When buying a new carpet there’s more to consider than just colour and size. After all, it’s an investment in your home that you want to enjoy for as long as possible. The amount of styles and materials available on the market might seem overwhelming and confusing, so here are a few tips on how to choose a quality carpet.
Carpet is made in many different styles, the main ones being cut pile and loop pile. Which one to go for depends on your personal preference and the kind of usage your carpet will have to endure.
This plain or two-tone carpet style is more popular at the moment due to its simple and modern elegance. However, all cut pile carpets will have some signs of “shading" or "tracking" such as showing footprints or marks from the vacuum cleaner on the carpet. The softer the carpet, the more likely this tracking will occur which is not a sign of bad quality. The best way to minimise this is to choose a denser carpet. Long loose piles, soft touch and plush pile carpets will track the most.
Cut pile carpets are perfect for residential homes, especially if there are pets around. Unlike loop pile carpets, these ones don’t have any threads that can easily be pulled out.
Made by forming a loop in the thread, loop pile carpets offer a lot more variety through patterns, texture and colours. They do not shade or track like cut piles. However they do not feel as soft underfoot as a cut pile carpet. Loop piles do tend to show the joins more and are prone to having threads pulled from pets.
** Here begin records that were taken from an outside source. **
(* In the setting below, if $X_0$ and $Y_0$ agree on $G$ (e.g. both all-plus), there is a coupling of the continuous-time speed-up dynamics $(X_t)$ on $T$ and $(Y_t)$ on $F$ such that, with $\tau=\inf\{t: X_t(u)\ne Y_t(u)\text{ for some }u\in G\}$, $$\mathbb P(\tau>t)\ge\exp(-\theta^{r-\ell}b^\ell t)\quad\text{for all }t\ge0.$$
   Context: Let $b\ge2$, $\beta>0$, $\theta=\tanh\beta$, and $T$ the $b$-ary tree of height $h$ (root $\rho$, every vertex at distance $<h$ has $b$ children, $H_k$ = vertices at distance $k$, $T_u$ = subtree of $u$ and its descendants), with the free-boundary Ising Gibbs measure $\mu\propto\exp(\beta\sum_{uv}\sigma(u)\sigma(v))$. Fix integers $1\le\ell<r\le h$; for each $v\in H_\ell$ fix a descendant $w_v\in H_r$, and let $W=\{w_v\}$, $B_v=(T_v\setminus T_{w_v})\cup\{w_v\}$. $(X_t)$ is the continuous-time block dynamics on $T$ with blocks $\{B_v:v\in H_\ell\}\cup\{\{u\}:u\notin W\}$: each block has an independent rate-one Poisson clock and, when it rings, its spins are resampled from $\mu$ conditioned on the spins outside it. Let $L_v$ be the path from $v$ to $w_v$ (inclusive) and let $F$ be the forest which is the disjoint union over $v\in H_\ell$ of the trees $L_v\cup T_{w_v}$ (rooted at $v$, with no parent), viewed as a separate graph naturally identified with a subset of $T$, carrying its own free-boundary Ising measure at $\beta$. $(Y_t)$ is the continuous-time block dynamics on $F$ with blocks $\{L_v:v\in H_\ell\}\cup\{\{u\}:u\in F\setminus W\}$, each at rate one. $G=\bigcup_{v\in H_\ell}T_{w_v}$. *)

theory Defs
  imports Complex_Main "HOL-Library.Sublist"
begin

text \<open>Vertices are words over {0..<b} of length at most h; the root is [],
  the children of u are u @ [i] for i < b.\<close>

definition tree_vertices :: "nat \<Rightarrow> nat \<Rightarrow> nat list set" where
  "tree_vertices b h = {u. length u \<le> h \<and> set u \<subseteq> {..<b}}"

definition level :: "nat \<Rightarrow> nat \<Rightarrow> nat \<Rightarrow> nat list set" where
  "level b h k = {u \<in> tree_vertices b h. length u = k}"

definition subtree :: "nat \<Rightarrow> nat \<Rightarrow> nat list \<Rightarrow> nat list set" where
  "subtree b h u = {x \<in> tree_vertices b h. prefix u x}"

definition edges :: "nat list set \<Rightarrow> (nat list \<times> nat list) set" where
  "edges V = {(u, u @ [i]) | u i. u \<in> V \<and> u @ [i] \<in> V}"

definition confs :: "nat list set \<Rightarrow> (nat list \<Rightarrow> real) set" where
  "confs V = {\<sigma>. (\<forall>u\<in>V. \<sigma> u = 1 \<or> \<sigma> u = -1) \<and> (\<forall>u. u \<notin> V \<longrightarrow> \<sigma> u = 1)}"

definition gibbs_weight :: "real \<Rightarrow> nat list set \<Rightarrow> (nat list \<Rightarrow> real) \<Rightarrow> real" where
  "gibbs_weight \<beta> V \<sigma> = exp (\<beta> * (\<Sum>e\<in>edges V. \<sigma> (fst e) * \<sigma> (snd e)))"

definition ising :: "real \<Rightarrow> nat list set \<Rightarrow> (nat list \<Rightarrow> real) \<Rightarrow> real" where
  "ising \<beta> V \<sigma> = (if \<sigma> \<in> confs V
      then gibbs_weight \<beta> V \<sigma> / (\<Sum>\<eta>\<in>confs V. gibbs_weight \<beta> V \<eta>) else 0)"

text \<open>Heat-bath update of block B: resample spins in B from the Gibbs measure
  conditioned on the spins outside B.\<close>
definition block_kernel ::
  "real \<Rightarrow> nat list set \<Rightarrow> nat list set \<Rightarrow> (nat list \<Rightarrow> real) \<Rightarrow> (nat list \<Rightarrow> real) \<Rightarrow> real" where
  "block_kernel \<beta> V B \<sigma> \<sigma>' =
     (if \<sigma>' \<in> confs V \<and> (\<forall>u\<in>V - B. \<sigma>' u = \<sigma> u)
      then ising \<beta> V \<sigma>' / (\<Sum>\<eta>\<in>{\<eta>\<in>confs V. \<forall>u\<in>V - B. \<eta> u = \<sigma> u}. ising \<beta> V \<eta>)
      else 0)"

text \<open>Off-diagonal jump rates of continuous-time block dynamics, each block with a
  rate-one Poisson clock.\<close>
definition block_rate ::
  "real \<Rightarrow> nat list set \<Rightarrow> nat list set set \<Rightarrow> (nat list \<Rightarrow> real) \<Rightarrow> (nat list \<Rightarrow> real) \<Rightarrow> real" where
  "block_rate \<beta> V Bs \<sigma> \<sigma>' = (\<Sum>B\<in>Bs. block_kernel \<beta> V B \<sigma> \<sigma>')"

fun mpow :: "'s set \<Rightarrow> ('s \<Rightarrow> 's \<Rightarrow> real) \<Rightarrow> nat \<Rightarrow> 's \<Rightarrow> 's \<Rightarrow> real" where
  "mpow S M 0 z z' = (if z = z' then 1 else 0)"
| "mpow S M (Suc n) z z' = (\<Sum>y\<in>S. M z y * mpow S M n y z')"

definition mexp :: "'s set \<Rightarrow> ('s \<Rightarrow> 's \<Rightarrow> real) \<Rightarrow> real \<Rightarrow> 's \<Rightarrow> 's \<Rightarrow> real" where
  "mexp S M t z z' = (\<Sum>n. t ^ n / fact n * mpow S M n z z')"

text \<open>For a chain on finite S with off-diagonal rates Q, the probability, started
  from z0, of staying in A \<subseteq> S during the whole time interval [0,t], i.e. the
  row sum of exp(t Q_A) with Q_A the generator killed on leaving A.\<close>
definition stay_prob :: "'s set \<Rightarrow> ('s \<Rightarrow> 's \<Rightarrow> real) \<Rightarrow> 's set \<Rightarrow> 's \<Rightarrow> real \<Rightarrow> real" where
  "stay_prob S Q A z0 t =
     (\<Sum>z\<in>A. mexp A (\<lambda>x y. if x = y then - (\<Sum>y'\<in>S - {x}. Q x y') else Q x y) t z0 z)"

text \<open>Q (off-diagonal rates on S1 \<times> S2) is a Markovian coupling of the chains with
  off-diagonal rates L1 on S1 and L2 on S2.\<close>
definition markov_coupling ::
  "'a set \<Rightarrow> ('a \<Rightarrow> 'a \<Rightarrow> real) \<Rightarrow> 'b set \<Rightarrow> ('b \<Rightarrow> 'b \<Rightarrow> real)
   \<Rightarrow> ('a \<times> 'b \<Rightarrow> 'a \<times> 'b \<Rightarrow> real) \<Rightarrow> bool" where
  "markov_coupling S1 L1 S2 L2 Q \<longleftrightarrow>
     (\<forall>z\<in>S1 \<times> S2. \<forall>z'\<in>S1 \<times> S2. z' \<noteq> z \<longrightarrow> Q z z' \<ge> 0) \<and>
     (\<forall>x\<in>S1. \<forall>y\<in>S2. \<forall>x'\<in>S1. x' \<noteq> x \<longrightarrow> (\<Sum>y'\<in>S2. Q (x, y) (x', y')) = L1 x x') \<and>
     (\<forall>x\<in>S1. \<forall>y\<in>S2. \<forall>y'\<in>S2. y' \<noteq> y \<longrightarrow> (\<Sum>x'\<in>S1. Q (x, y) (x', y')) = L2 y y')"

definition path_L :: "nat list \<Rightarrow> nat list \<Rightarrow> nat list set" where
  "path_L v wv = {x. prefix v x \<and> prefix x wv}"

definition block_B :: "nat \<Rightarrow> nat \<Rightarrow> nat list \<Rightarrow> nat list \<Rightarrow> nat list set" where
  "block_B b h v wv = (subtree b h v - subtree b h wv) \<union> {wv}"

definition forest_F :: "nat \<Rightarrow> nat \<Rightarrow> nat \<Rightarrow> (nat list \<Rightarrow> nat list) \<Rightarrow> nat list set" where
  "forest_F b h l w = (\<Union>v\<in>level b h l. path_L v (w v) \<union> subtree b h (w v))"

definition set_G :: "nat \<Rightarrow> nat \<Rightarrow> nat \<Rightarrow> (nat list \<Rightarrow> nat list) \<Rightarrow> nat list set" where
  "set_G b h l w = (\<Union>v\<in>level b h l. subtree b h (w v))"

definition blocks_X :: "nat \<Rightarrow> nat \<Rightarrow> nat \<Rightarrow> (nat list \<Rightarrow> nat list) \<Rightarrow> nat list set set" where
  "blocks_X b h l w = (\<lambda>v. block_B b h v (w v)) ` level b h l
      \<union> (\<lambda>u. {u}) ` (tree_vertices b h - w ` level b h l)"

definition blocks_Y :: "nat \<Rightarrow> nat \<Rightarrow> nat \<Rightarrow> (nat list \<Rightarrow> nat list) \<Rightarrow> nat list set set" where
  "blocks_Y b h l w = (\<lambda>v. path_L v (w v)) ` level b h l
      \<union> (\<lambda>u. {u}) ` (forest_F b h l w - w ` level b h l)"

end

theory Submission
  imports Defs
begin

text \<open>
  The coupling is built block by block.  Every block of the tree
  dynamics X has a partner block of the forest dynamics Y: the block B_v is paired
  with the path L_v, a singleton {u} of the forest with the same singleton of the
  tree, and a singleton of the tree outside F with "Y does not move".  Each pair
  of heat-bath updates is coupled maximally with respect to one spin (w_v, resp. u),
  so the pair of chains leaves the set A of pairs agreeing on G only at the rate
  by which the marginals of that spin differ.  For a singleton in G this
  difference is 0, since the single-site update only sees the neighbours, all of
  which lie in the same subtree T_{w_v}.  For the block B_v the high-temperature
  expansion exp(\<beta> \<sigma> \<sigma>') = cosh \<beta> (1 + \<theta> \<sigma> \<sigma>') shows that, conditioned on the
  outside, the spin at w_v sees the parent of v only through the path L_v, which
  damps its influence by \<theta>^(r-l+1); this bounds the difference of marginals by
  \<theta>^(r-l).  Summing over the b^l blocks bounds the leaving rate of A by
  \<theta>^(r-l) b^l, and a general bound on the survival probability of a killed
  continuous-time chain turns this into the exponential estimate.
\<close>

section \<open>Survival of a killed continuous-time chain\<close>

text \<open>Pascal's rule in the form needed to step the binomial expansion of (N - K I)^n.\<close>
lemma binom_shift:
  fixes a :: "nat \<Rightarrow> real"
  shows "(\<Sum>i\<le>n. real (n choose i) * c^(n-i) * a (Suc i)) + c * (\<Sum>i\<le>n. real (n choose i) * c^(n-i) * a i)
       = (\<Sum>i\<le>Suc n. real (Suc n choose i) * c^(Suc n - i) * a i)"
proof -
  have rhs: "(\<Sum>i\<le>Suc n. real (Suc n choose i) * c^(Suc n - i) * a i)
     = c^(Suc n) * a 0 + (\<Sum>j\<le>n. real (n choose j) * c^(n-j) * a (Suc j))
        + (\<Sum>j\<le>n. real (n choose Suc j) * c^(n-j) * a (Suc j))"
    by (simp only: sum.atMost_Suc_shift binomial_Suc_Suc of_nat_add sum.distrib distrib_left distrib_right)
       (simp add: algebra_simps)
  have lhs: "c * (\<Sum>i\<le>n. real (n choose i) * c^(n-i) * a i)
     = c^(Suc n) * a 0 + (\<Sum>j\<le>n. real (n choose Suc j) * c^(n-j) * a (Suc j))"
  proof (cases n)
    case 0 then show ?thesis by simp
  next
    case (Suc k)
    have split0: "(\<Sum>i\<le>n. real (n choose i) * c^(n-i) * a i)
       = c^n * a 0 + (\<Sum>j\<le>k. real (n choose Suc j) * c^(n - Suc j) * a (Suc j))"
      using Suc by (simp add: sum.atMost_Suc_shift del: sum.atMost_Suc)
    have drop_top: "(\<Sum>j\<le>n. real (n choose Suc j) * c^(n-j) * a (Suc j))
        = (\<Sum>j\<le>k. real (n choose Suc j) * c^(n-j) * a (Suc j))"
      using Suc by (simp del: binomial_Suc_Suc)
    have shift: "c * (\<Sum>j\<le>k. real (n choose Suc j) * c^(n - Suc j) * a (Suc j))
        = (\<Sum>j\<le>k. real (n choose Suc j) * c^(n-j) * a (Suc j))"
      unfolding sum_distrib_left
    proof (rule sum.cong[OF refl])
      fix j assume "j \<in> {..k}"
      then have "n - j = Suc (n - Suc j)" using Suc by auto
      then show "c * (real (n choose Suc j) * c ^ (n - Suc j) * a (Suc j)) =
         real (n choose Suc j) * c ^ (n - j) * a (Suc j)" by simp
    qed
    show ?thesis using split0 drop_top shift by (simp add: algebra_simps)
  qed
  show ?thesis using rhs lhs by simp
qed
We recommend carpets that are a 100% blend rather than mixed fibres. Mixed fibres are generally cheaper, but of less quality. The most common fibres are Solution Dyed Nylon, Polyester, Polypropylene, Wool and Triexta.
We mainly sell and recommend 100% Solution Dyed Nylon carpet.
It’s colourfast very resistant to sunlight, fading and stains.
It is a great choice for many applications. Usually cut pile carpets, these varieties will keep looking fresh for years to come.
New Zealand wool has the highest quality and makes excellent loop carpets. Wool is generally resistant to stains and soiling, keeps bad smells at bay and doesn’t melt when in contact with fire. It’s also great for people with allergies and known for its durability, resilience and luxurious look.
Unfortunately wool will fade over time with the harsh U.V rays from the New Zealand sun.
A derivative of Polyester, Triexta carpets usually feel rather sumptuous and soft. They are stain resistant and colourfast.
These carpets offer good fade and stain resistance for a reasonable price. Once considered a poor man’s choice, they are reliable and easy to clean.
Another good choice if you’re on a budget, Polyester carpets are especially colourfast and offer a soft touch. However, it’s more suitable for homes with low traffic as it is not as resilient as other fabrics.
The denser the carpet, the thicker the fibres have been packed together. Carpet density is measured in ounces per square yard, ranging from 24 oz to 72 oz (or 3kg to 9kg). Depending on your budget and the requirements of your carpet, aim for a density between 28 and 48 ounces. Denser carpets are less likely to show signs of tracking.
The colour of your carpet is mostly up to personal preference, though various shades of grey, beige and brown are today's most popular choices.
Carpets should also match the light or darkness of your house, so getting a few samples beforehand is highly valuable.
As a general rule, carpet will look slightly lighter in full size, than it will in a small sample size. Black carpets, for example, tend to show a lot more fluff and require more regular vacuuming.
Houses in residential areas such as rentals, especially where children are present, are better off with mid to darker colours to avoid fading and staining due to high traffic.
Having a quality underlay is very important and should not be overlooked. Not only does it help with noise reduction such as footsteps on upper floors, a dense underlay also acts as insulation, keeping your floors warm and adding comfort for your feet.
Underlay is measured in both thickness (9mm to 12mm) and density
(75kg/m3 to 130kg/m3). 10mm 90kg/m3 should be the bare minimum to use.
We recommend choosing an underlay 11mm 110 kg/m3 or higher.
A premium underlay is designed to offer increased levels of comfort due to their thickness and density. It will also rate higher in acoustic and thermal insulation performance.